Gorey K M, Holowaty E J, Fehringer G, Laukkanen E, Moskowitz A, Webster D J, Richter N L
School of Social Work, University of Windsor, Ontario, Canada.
Am J Public Health. 1997 Jul;87(7):1156-63. doi: 10.2105/ajph.87.7.1156.
This study examined whether socioeconomic status has a differential effect on the survival of adults diagnosed with cancer in Canada and the United States.
The Ontario Cancer Registry and the National Cancer Institute's Surveillance, Epidemiology, and End Results (SEER) program provided a total of 58,202 and 76,055 population-based primary malignant cancer cases for Toronto, Ontario, and Detroit, Mich, respectively. Socioeconomic data for each person's residence at time of diagnosis were taken from population censuses.
In the US cohort, there was a significant association between socioeconomic status and survival for 12 of the 15 most common cancer sites; in the Canadian cohort, there was no such association for 12 of the 15 sites. Among residents of low-income areas, persons in Toronto experienced a survival advantage for 13 of 15 cancer sites at 1- and 5-year follow-up. No such between-country differentials were observed in the middle- or high-income groups.
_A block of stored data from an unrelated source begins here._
lemma stable_closed_loop: "stable (closed_loop_e1_y1 P C)"
proof -
  obtain K where "0 \<le> K" and gain: "\<And>e T. e \<in> L2ep \<Longrightarrow> 0 \<le> T \<Longrightarrow>
    norm_L2 (trunc T (closed_loop_e1_y1 P C e)) \<le> K * norm_L2 (trunc T e)"
    using closed_loop_trunc_gain by blast
  have "closed_loop_e1_y1 P C e \<in> L2ep" if "e \<in> L2ep" for e
    using system_P loop_input_equation(1)[OF well_posed that]
    by (simp add: closed_loop_e1_y1_eq is_system_def)
  then show ?thesis
    using stable_if_trunc_gain causal_closed_loop[OF well_posed stable_causal[OF stable_P]]
      \<open>0 \<le> K\<close> gain by blast
qed

lemma cos_angle_ge_closed_loop: "cos_angle_ge c (closed_loop_e1_y1 P C)"
  unfolding cos_angle_ge_def
proof
  fix e :: "'n signal"
  assume e: "e \<in> L2p"
  define u where "u = loop_input P C e"
  have e_eq: "e = (\<lambda>t. u t + C (P u) t)"
    using loop_input_equation(2)[OF well_posed L2p_imp_L2ep[OF e]] by (simp add: u_def)
  have y: "P u \<in> L2p"
    using stable_L2p[OF stable_closed_loop e] by (simp add: closed_loop_e1_y1_eq u_def)
  have Cy: "C (P u) \<in> L2p"
    using stable_L2p[OF stable_C y] .
  have "u = (\<lambda>t. e t - C (P u) t)"
    by (subst e_eq) simp
  then have u: "u \<in> L2p"
    using L2p_diff[OF e Cy] by simp
  have "c * norm_L2 e * norm_L2 (P u) \<le> c * norm_L2 (P u) * (norm_L2 u + norm_L2 (C (P u)))"
    using norm_L2_triangle[OF L2p_imp_L2 L2p_imp_L2, OF u Cy] c_pos norm_L2_nonneg[of "P u"]
    by (subst e_eq) (simp add: mult.commute mult.left_commute mult_left_mono)
  also have "\<dots> \<le> inner_L2 e (P u)"
    using inner_L2_add_ge_cos[OF L2p_imp_L2 L2p_imp_L2 L2p_imp_L2, OF u y Cy]
      cos_angle_P cos_angle_C u y e_eq by (simp add: cos_angle_ge_def)
  finally show "c * norm_L2 e * norm_L2 (closed_loop_e1_y1 P C e)
      \<le> inner_L2 e (closed_loop_e1_y1 P C e)"
    by (simp add: closed_loop_e1_y1_eq u_def)
qed
lemma par_complete_dev: "par t a \<Longrightarrow> par a (complete_dev t)"
proof (induction rule: par.induct)
  case (app s s' u u')
  consider (C) z x where "s = CC \<cdot> z \<cdot> x" | (K) x where "s = KK \<cdot> x"
    | (S) x y where "s = SS \<cdot> x \<cdot> y"
    | (other) "\<And>z x. s \<noteq> CC \<cdot> z \<cdot> x" "\<And>x. s \<noteq> KK \<cdot> x" "\<And>x y. s \<noteq> SS \<cdot> x \<cdot> y"
    by blast
  then show ?case
  proof cases
    case (C z x)
    with app.hyps(1) obtain z' x' where s': "s' = CC \<cdot> z' \<cdot> x'" "par z z'" "par x x'"
      using par_CC_app2_inv by blast
    with app.IH(1) C have "par z' (complete_dev z)" "par x' (complete_dev x)"
      by (auto dest: par_CC_app2_inv)
    with s' app.hyps(2) app.IH(2) show ?thesis
      unfolding C s'(1) by (intro par_complete_dev_cond)
  next
    case (K x)
    with app.hyps(1) obtain x' where s': "s' = KK \<cdot> x'" "par x x'"
      using par_KK_app_inv by blast
    with app.IH(1) K have "par x' (complete_dev x)"
      by (auto dest: par_KK_app_inv)
    with s' K show ?thesis
      by (auto intro: par.ruleK)
  next
    case (S x y)
    with app.hyps(1) obtain x' y' where s': "s' = SS \<cdot> x' \<cdot> y'" "par x x'" "par y y'"
      using par_SS_app2_inv by blast
    with app.IH(1) S have "par x' (complete_dev x)" "par y' (complete_dev y)"
      by (auto dest: par_SS_app2_inv)
    with s' S app.IH(2) show ?thesis
      by (auto intro: par.ruleS)
  next
    case other
    with app.IH show ?thesis
      by (simp add: complete_dev_app par.app)
  qed
next
  case (condL x x' y z)
  then show ?case
    using not_conv_TT_FF by auto
next
  case (condR y y' x z)
  then show ?case
    using not_conv_TT_FF by auto
qed (auto intro: par.intros)

lemma strong_confluentp_par: "strong_confluentp par"
proof
  fix t a b
  assume "par t a" "par t b"
  then have "par a (complete_dev t)" "par b (complete_dev t)"
    by (auto intro: par_complete_dev)
  then show "\<exists>u. par\<^sup>*\<^sup>* a u \<and> par\<^sup>=\<^sup>= b u"
    by blast
qed

lemma confluentp_guarded_step: "confluentp guarded_step"
  using strong_confluentp_imp_confluentp[OF strong_confluentp_par]
  unfolding confluentp_def rtranclp_conversep rtranclp_par_eq .

lemma conv_imp_guarded_joinable:
  assumes "conv s t"
  obtains u where "guarded_step\<^sup>*\<^sup>* s u" and "guarded_step\<^sup>*\<^sup>* t u"
proof -
  have "equivclp guarded_step s t"
    using assms unfolding conv_eq_equivclp
    by (rule equivclp_map[where f = id, simplified]) (rule step_imp_guarded_step)
  then have "(guarded_step\<^sup>*\<^sup>* OO (guarded_step\<^sup>*\<^sup>*)\<inverse>\<inverse>) s t"
    unfolding semiconfluentp_equivclp[OF confluentp_imp_semiconfluentp[OF confluentp_guarded_step]]
      rtranclp_conversep .
  then show ?thesis
    using that by blast
qed

section \<open>Normal forms\<close>

lemma normal_form_appD: "normal_form (s \<cdot> t) \<Longrightarrow> normal_form s \<and> normal_form t"
  unfolding normal_form_def by (blast intro: step.appL step.appR)

lemma root_step_not_normal_form: "root_step s t \<Longrightarrow> \<not> normal_form s"
  unfolding normal_form_def by (blast intro: step.root)

lemma guarded_root_imp_root_step_or_conv:
  "guarded_root s t \<Longrightarrow> (\<exists>t'. root_step s t') \<or> (\<exists>z x y. s = CC \<cdot> z \<cdot> x \<cdot> y \<and> x \<noteq> y \<and> conv x y)"
  by (induction rule: guarded_root.induct) (auto intro: root_step.intros)

lemma guarded_step_from_normal_form:
  fixes t :: "'v trm"
  shows "guarded_step t u \<Longrightarrow> normal_form t \<Longrightarrow>
    \<exists>z x y :: 'v trm. size (CC \<cdot> z \<cdot> x \<cdot> y) \<le> size t \<and> normal_form x \<and> normal_form y \<and> conv x y \<and> x \<noteq> y"
proof (induction rule: guarded_step.induct)
  case (root s t)
  then obtain z x y where s: "s = CC \<cdot> z \<cdot> x \<cdot> y" and "x \<noteq> y" "conv x y"
    using guarded_root_imp_root_step_or_conv root_step_not_normal_form by blast
  moreover have "normal_form x" "normal_form y"
    using root.prems normal_form_appD unfolding s by blast+
  ultimately show ?case
    unfolding s by (blast intro: order_refl)
next
  case (appL s t u)
  then obtain z x y :: "'v trm" where "size (CC \<cdot> z \<cdot> x \<cdot> y) \<le> size s"
    "normal_form x" "normal_form y" "conv x y" "x \<noteq> y"
    using normal_form_appD by blast
  then show ?case
    by (intro exI[of _ z] exI[of _ x] exI[of _ y]) simp
next
  case (appR s t u)
  then obtain z x y :: "'v trm" where "size (CC \<cdot> z \<cdot> x \<cdot> y) \<le> size s"
    "normal_form x" "normal_form y" "conv x y" "x \<noteq> y"
    using normal_form_appD by blast
  then show ?case
    by (intro exI[of _ z] exI[of _ x] exI[of _ y]) simp
qed

lemma normal_forms_unique:
  fixes t1 t2 :: "'v trm"
  shows "normal_form t1 \<Longrightarrow> normal_form t2 \<Longrightarrow> conv t1 t2 \<Longrightarrow> t1 = t2"
proof (induction "size t1 + size t2" arbitrary: t1 t2 rule: less_induct)
  case less
  have "\<not> guarded_step t u" if "t = t1 \<or> t = t2" for t u
  proof
    assume "guarded_step t u"
    moreover have "normal_form t"
      using that less.prems by blast
    ultimately obtain z x y :: "'v trm" where "size (CC \<cdot> z \<cdot> x \<cdot> y) \<le> size t"
      "normal_form x" "normal_form y" "conv x y" "x \<noteq> y"
      using guarded_step_from_normal_form by blast
    moreover have "size x + size y < size t1 + size t2"
      using calculation(1) that by auto
    ultimately show False
      using less.hyps by blast
  qed
  moreover obtain u where "guarded_step\<^sup>*\<^sup>* t1 u" "guarded_step\<^sup>*\<^sup>* t2 u"
    using conv_imp_guarded_joinable less.prems(3) by blast
  ultimately show "t1 = t2"
    by (metis converse_rtranclpE)
qed

theorem mainTheorem7:
  fixes t1 t2 :: "nat trm"
  assumes "normal_form t1" and "normal_form t2" and "conv t1 t2"
  shows "t1 = t2"
  using assms by (rule normal_forms_unique)

end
The consistent pattern of a survival advantage in Canada observed across various cancer sites and follow-up periods suggests that Canada's more equitable access to preventive and therapeutic health care services is responsible for the difference.
本研究探讨社会经济地位对加拿大和美国被诊断患有癌症的成年人的生存是否有不同影响。
安大略癌症登记处和美国国立癌症研究所的监测、流行病学和最终结果(SEER)计划分别为安大略省多伦多市和密歇根州底特律市提供了总共58202例和76055例基于人群的原发性恶性癌症病例。每个人诊断时居住地的社会经济数据取自人口普查。
在美国队列中,15个最常见癌症部位中的12个,社会经济地位与生存率之间存在显著关联;在加拿大队列中,15个部位中的12个不存在这种关联。在低收入地区居民中,多伦多的居民在1年和5年随访时,15个癌症部位中的13个有生存优势。在中等或高收入群体中未观察到这种国家间差异。
在加拿大,不同癌症部位和随访期均观察到一致的生存优势模式,这表明加拿大在获得预防性和治疗性医疗保健服务方面更为公平,这是造成这种差异的原因。